En México ha costado siglos y vidas construir el referente laico que garantiza esa libertad; pero también ha existido la presión de grupos que no aceptan tal principio, valor y forma de convivencia
Reza el dicho popular: “Nadie sabe lo que tiene hasta que lo ve perdido”, el cual aplica a un sin número de situaciones, objetos, circunstancias, como es el caso de vivir en un país cuya Constitución otorga a los individuos la libertad de creer en cualquier filosofía o cuerpo de valores cívicos que favorezca la convivencia respetosa, fundada en la mayor libertad del hombre, su libertad de pensamiento, y por consecuencia, de elegir su forma de ser y vivir sin más limitaciones que el respeto a los derechos de los demás, consagrados de manera precisa en nuestra Carta Magna, incluyendo, aunque parezca reiterativo, la elección de cualquier credo que la humanidad ha conformado ante sus cuestionamientos y respuestas ontológicas.
Los problemas surgen cuando en la familia o la escuela, la generación adulta inculca su propia elección a los hijos y alumnos en lugar de prepararlos para recorrer la senda que los coloque tarde o temprano en la certeza de hacer uso de su capacidad de elegir, y elija libremente. Un asunto bastante complejo porque esta entorpecido por el temor que esa libertad una vez ejercida, no coincida con los valores generalmente impuestos, bajo el contrato social promovido y aceptado para construir la identidad sociopolítica elegida por la sociedad de la cual se forma parte. Porque precisamente la libertad de pensamiento conlleva el riesgo, la necesidad, el germen mismo de la divergencia, incluso de la disidencia, de ahí que los procesos educativos familiares y públicos promuevan la unidad, a veces la uniformidad, bajo la norma.

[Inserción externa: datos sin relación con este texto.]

lemma collision_excess_le_remove:
  assumes "finite F" "x \<in> F"
  shows "collision_excess M F \<le> collision_excess M (F - {x}) + collision_degree M F x"
proof -
  define P where "P = {j\<in>{0..<M}. \<exists>z\<in>F. z \<noteq> x \<and> z j = x j}"
  have card_F: "card F = card (F - {x}) + 1"
    using card_Suc_Diff1[OF assms] by simp
  have "card F - card ((\<lambda>x. x j) ` F)
      \<le> card (F - {x}) - card ((\<lambda>x. x j) ` (F - {x})) + of_bool (j \<in> P)"
    if "j \<in> {0..<M}" for j
  proof -
    have image: "(\<lambda>x. x j) ` F = insert (x j) ((\<lambda>x. x j) ` (F - {x}))"
      using assms(2) by auto
    have le: "card ((\<lambda>x. x j) ` (F - {x})) \<le> card (F - {x})"
      using assms(1) by (intro card_image_le) simp
    have mem: "x j \<in> (\<lambda>x. x j) ` (F - {x}) \<longleftrightarrow> j \<in> P"
    proof
      assume "x j \<in> (\<lambda>x. x j) ` (F - {x})"
      then obtain z where "z \<in> F - {x}" "x j = z j"
        by blast
      then show "j \<in> P"
        using that unfolding P_def by auto
    next
      assume "j \<in> P"
      then obtain z where "z \<in> F" "z \<noteq> x" "z j = x j"
        unfolding P_def by auto
      then show "x j \<in> (\<lambda>x. x j) ` (F - {x})"
        using image_eqI[of "x j" "\<lambda>x. x j" z "F - {x}"] by simp
    qed
    show ?thesis
    proof (cases "j \<in> P")
      case True
      then have "(\<lambda>x. x j) ` F = (\<lambda>x. x j) ` (F - {x})"
        using image mem by (simp add: insert_absorb)
      then show ?thesis
        using card_F le True by simp
    next
      case False
      then have "card ((\<lambda>x. x j) ` F) = card ((\<lambda>x. x j) ` (F - {x})) + 1"
        using image mem assms(1) by simp
      then show ?thesis
        using card_F le False by simp
    qed
  qed
  then have "collision_excess M F
      \<le> (\<Sum>j\<in>{0..<M}. card (F - {x}) - card ((\<lambda>x. x j) ` (F - {x})) + of_bool (j \<in> P))"
    unfolding collision_excess_def by (rule sum_mono)
  also have "\<dots> = collision_excess M (F - {x}) + card P"
  proof -
    have "P \<subseteq> {0..<M}"
      unfolding P_def by auto
    then show ?thesis
      unfolding collision_excess_def by (simp add: sum.distrib Int_absorb1)
  qed
  finally show ?thesis
    unfolding collision_degree_def P_def .
qed
(* Consider the age-agnostic randomized policy $\pi=(f_0,f_1)$, where $f_0,f_1>0$ with $p_sf_0<1$ and $p_sf_1<1$, and set $f^i_\alpha=p_sf_i$, $\bar f^i_\alpha=1-p_sf_i$ for $i\in\{0,1\}$. Let MC1 denote the process $\{(X_t,\hat X_t)\}_{t\ge1}$ and MC2 the process $\{S_t\}_{t\ge1}=\{(X_t,\hat X_t,\Delta_t)\}_{t\ge1}$ induced by $\pi$. Then: (i) MC1 is a finite-state ergodic Markov chain with stationary distribution $\nu_{0,0}=q(\bar p f^0_\alpha+pf^1_\alpha)(q+\bar q f^1_\alpha)/\zeta$, $\nu_{0,1}=pq\bar f^1_\alpha(qf^0_\alpha+\bar q f^1_\alpha)/\zeta$, $\nu_{1,0}=pq\bar f^0_\alpha(\bar p f^0_\alpha+pf^1_\alpha)/\zeta$, $\nu_{1,1}=p(qf^0_\alpha+\bar q f^1_\alpha)(p+\bar p f^0_\alpha)/\zeta$, where $\zeta=(p+q)\big(qf^0_\alpha+pf^1_\alpha+(1-p-q)f^0_\alpha f^1_\alpha\big)$. (ii) MC2 is a countable-state, irreducible, positive recurrent Markov chain with stationary distribution $\nu_{0,0,0}=\nu_{0,0}$, $\nu_{1,1,0}=\nu_{1,1}$, $\nu_{1,0,k}=p\bar f^0_\alpha(\bar q\bar f^1_\alpha)^{k-1}\nu_{0,0}$ and $\nu_{0,1,k}=q\bar f^1_\alpha(\bar p\bar f^0_\alpha)^{k-1}\nu_{1,1}$ for $k\ge1$, and the average cost of $\pi$ is $$\mathcal L(\pi)=\frac{\beta p\bar f^0_\alpha\nu_{0,0}}{(1-\bar q\bar f^1_\alpha)^2}+\frac{(1-\beta)q\bar f^1_\alpha\nu_{1,1}}{(1-\bar p\bar f^0_\alpha)^2}+\frac{\lambda(qf_0+pf_1)}{p+q}.$$ (iii) There exists a state $z\in\mathcal S$ such that the expected first passage time of MC2 from any state $i\in\mathcal S\setminus\{z\}$ to $z$ is finite. (iv) For the state $z$ in (iii), the expected first passage cost (accumulated expected per-stage cost until hitting $z$) from any $i\in\mathcal S\setminus\{z\}$ to $z$ is finite.
   Context: Fix $p,q\in(0,1)$, $\bar p=1-p$, $\bar q=1-q$. The source $\{X_t\}_{t\ge1}$ is a Markov chain on $\{0,1\}$ ($0$ = normal, $1$ = alarm) with $\Pr[X_{t+1}=1\mid X_t=0]=p$, $\Pr[X_{t+1}=0\mid X_t=1]=q$. The channel $\{H_t\}$ is i.i.d. Bernoulli with success probability $p_s\in(0,1]$, independent of the source; $p_f=1-p_s$. At each slot $t$ the sensor chooses $A_t\in\{0,1\}$ as a (possibly randomized) function of $(X_{1:t},\hat X_{1:t},A_{1:t-1})$. Estimate dynamics: if $A_t=1$ and $H_{t+1}=1$ then $\hat X_{t+1}=X_{t+1}$, otherwise $\hat X_{t+1}=\hat X_t$. Age: $\Delta_{t+1}=\Delta_t+1$ if $X_{t+1}\ne\hat X_{t+1}$ and $\Delta_{t+1}=0$ otherwise. The state $S_t=(X_t,\hat X_t,\Delta_t)$ lives in $\mathcal S=\{(0,0,0),(1,1,0)\}\cup\{(1,0,\delta),(0,1,\delta):\delta\ge1\}$, with $S_1=(0,0,0)$. Per-state cost $c(s)=\beta\delta$ if $s=(1,0,\delta)$, $c(s)=(1-\beta)\delta$ if $s=(0,1,\delta)$, and $c(s)=0$ for $s\in\{(0,0,0),(1,1,0)\}$, where $\beta\in[0,1]$. Per-stage cost $\ell(s,a)=\mathbb E[c(S_{t+1})\mid S_t=s,A_t=a]+\lambda\mathbb 1\{a=1\}$ with $\lambda\ge0$. Average cost of a policy $\pi$: $\mathcal L(\pi)=\limsup_{T\to\infty}\frac1T\sum_{t=1}^T\mathbb E^\pi[\ell(S_t,A_t)\mid S_1=(0,0,0)]$. The age-agnostic randomized policy $(f_0,f_1)$ transmits ($A_t=1$) at each slot independently with probability $f_i$ when $X_t=i$. *)

theory Defs
  imports "HOL-Probability.Probability"
begin

primrec kpow :: "('s \<Rightarrow> 's pmf) \<Rightarrow> nat \<Rightarrow> 's \<Rightarrow> 's pmf" where
  "kpow K 0 i = return_pmf i"
| "kpow K (Suc n) i = bind_pmf (kpow K n i) K"

text \<open>Taboo expectation: taboo K z g n i = E_i[ g(X_n) ; X_1,...,X_n all different from z ].\<close>
primrec taboo :: "('s \<Rightarrow> 's pmf) \<Rightarrow> 's \<Rightarrow> ('s \<Rightarrow> ennreal) \<Rightarrow> nat \<Rightarrow> 's \<Rightarrow> ennreal" where
  "taboo K z g 0 i = g i"
| "taboo K z g (Suc n) i = (\<integral>\<^sup>+ s. (if s = z then 0 else taboo K z g n s) \<partial>measure_pmf (K i))"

Cuando la norma se esclerosa, es fácil rebase el límite, se vuelva horma y promueva la intolerancia y el dogma único, universal, inamovible, inalterable al que todos deben sumarse, para enfrentar la vida según su propia concepción. Lo anterior acarrea la tarea de convertir a los demás, de sumarlos a toda costa para ser aceptados, reconocidos como iguales. Incluye por supuesto la contraparte, el desconocimiento y el rechazo hasta el punto del odio a quien piense, o crea diferente.
En México ha costado siglos y vidas construir el referente laico que garantiza esa libertad; pero también ha existido la presión de grupos que no aceptan tal principio, valor y forma de convivencia, y han pugnado por su desaparición trastocando incluso los ámbitos de lo privado y de lo público, de lo interno y externo, de lo individual y lo social; de abatir tal precepto constitucional. Ciegos, con la ceguera que infunde todo dogma, insisten en cancelar la semilla de la convivencia pacífica bajo el principio de pensar sin ataduras. ¡Veamos en el mundo cuando se va en contrario, valoremos lo que tenemos!